Human CD4⁺ T cells were enriched from prepared PBMCs (isolated from GO patients) using magnetic cell selection (Miltenyi Biotec, Bergisch Gladbach, Germany) according to the manufacturer's protocol. The CD4⁺ T cells were further sorted as CD4⁺CD127^hiCD25^loCD45RA^hi using a BD FACS ARIA II sorter (BD Biosciences) to obtain purified naïve T cells. Before experimental manipulations, Th17 cells were differentiated for 10 days by subjecting 1 to 2 × 10⁵ naïve T cells to culture conditions consisting of anti-CD3/CD28 Dynabeads (cell-to-bead ratio of 1:1) (Miltenyi Biotec), 1 ng/mL TGF-β, 50 ng/mL IL-6, 10 ng/mL IL-1β, and 50 ng/mL IL-23 (all from R&D Systems) in X-VIVO 15 medium supplemented with 1% penicillin/streptomycin. 
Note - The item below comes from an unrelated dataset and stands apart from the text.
(* For all $\lambda$-terms $A,B$: (1) If $A\to_{\beta''}B$ then $A\twoheadrightarrow_{\beta'}B$. (2) If $A\to_{\beta'}B$ then $A\twoheadrightarrow_{\beta''}B$.
   Context: Let $\mathcal V$ be an infinite set of variables enumerated in a fixed order $x,y,z,x',y',z',\dots$. $\lambda$-terms: $\mathcal M ::= \mathcal V \mid (\lambda\mathcal V.\mathcal M)\mid(\mathcal M\mathcal M)$; $=_{\mathcal M}$ is syntactic identity. $FV(C)$ is the set of variables with a free occurrence in $C$; $BV(C)$ the set of $v$ with $\lambda v$ occurring in $C$; $FV(vA)=\{v\}\cup FV(A)$, $FV(AB)=FV(A)\cup FV(B)$. A term $C$ is clean iff $BV(C)\cap FV(C)=\emptyset$ and each $\lambda v$ occurs at most once in $C$. Grafting $A\{v:=B\}$: $v\{v:=B\}=B$; $v'\{v:=B\}=v'$ if $v'\neq v$; $(AC)\{v:=B\}=A\{v:=B\}C\{v:=B\}$; $(\lambda v.A)\{v:=B\}=\lambda v.A$; $(\lambda v'.A)\{v:=B\}=\lambda v'.A\{v:=B\}$ if $v\neq v'$. Replacement $A\langle\langle v:=B\rangle\rangle$: $v\langle\langle v:=B\rangle\rangle=B$; $v'\langle\langle v:=B\rangle\rangle=v'$ if $v\neq v'$; $(AC)\langle\langle v:=B\rangle\rangle=A\langle\langle v:=B\rangle\rangle C\langle\langle v:=B\rangle\rangle$; $(\lambda v.A)\langle\langle v:=B\rangle\rangle=\lambda v.A$; $(\lambda v'.A)\langle\langle v:=B\rangle\rangle=\lambda v'.A\langle\langle v:=B\rangle\rangle$ if $v\neq v'$ and ($v'\notin FV(B)$ or $v\notin FV(A)$); $(\lambda v'.A)\langle\langle v:=B\rangle\rangle=\lambda v''.A\langle\langle v':=v''\rangle\rangle\langle\langle v:=B\rangle\rangle$ if $v\neq v'$, $v'\in FV(B)$, $v\in FV(A)$, with $v''$ the first variable in the ordered list such that $v''\notin FV(AB)$. A relation is compatible if $A\,R\,B$ implies $(AC)R(BC)$, $(CA)R(CB)$, $(\lambda u.A)R(\lambda u.B)$. $\to_\alpha$: least compatible relation with $\lambda v.A\to_\alpha\lambda v'.A\langle\langle v:=v'\rangle\rangle$ for $v'\notin FV(A)$. $\to_{\alpha'}$: least compatible relation with $\lambda v.A\to_{\alpha'}\lambda v'.A\{v:=v'\}$ for $v'\notin FV(vA)$, $v,v'\notin BV(A)$; $\twoheadrightarrow_{\alpha'}$ its reflexive transitive closure. $\to_{\beta'}$: least compatible relation with $(\lambda v.A)B\to_{\beta'}A\langle\langle v:=B\rangle\rangle$; $\twoheadrightarrow_{\beta'}$ is the reflexive transitive closure of $\to_{\beta'}\cup\to_\alpha$. $\to_{\beta''}$: least compatible relation with $(\lambda v.A)B\to_{\beta''}A'\{v':=B'\}$ whenever $(\lambda v.A)B\twoheadrightarrow_{\alpha'}(\lambda v'.A')B'$ and $(\lambda v'.A')B'$ is clean; $\twoheadrightarrow_{\beta''}$ is the reflexive transitive closure of $\to_{\beta''}\cup\to_{\alpha'}$. *)

theory Defs
  imports Main
begin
Fibrocytes were seeded overnight in 24-well plates at 5 × 10⁴ cells/well in X-VIVO 15 medium containing 1% penicillin/streptomycin. Differentiated autologous Th17 cells were inoculated into the cultures at a 20:1 ratio (Th17 cells to fibrocytes) for either 24 or 48 hours; suspended Th17 cells were then removed by aspiration. The remaining adherent fibrocytes and the suspended Th17 cells (those removed by aspiration) were further studied by qRT-PCR or flow cytometry. Coculture supernatants were also collected, and their cytokine profiles were analyzed using the Luminex assay. 

Total RNA was isolated and reverse-transcribed (PrimeScript RT Reagent Kit; Takara, Kusatsu, Japan). Quantitative real-time PCR was performed using SYBR Premix Ex Taq (Takara) on a 7900HT Fast Real-Time PCR System (Applied Biosystems, Foster City, CA, USA). Predesigned primers are listed in Supplementary Table S1. The 2^−ΔCt method was used for quantification of gene expression and glyceraldehyde-3-phosphate dehydrogenase was set for normalization. 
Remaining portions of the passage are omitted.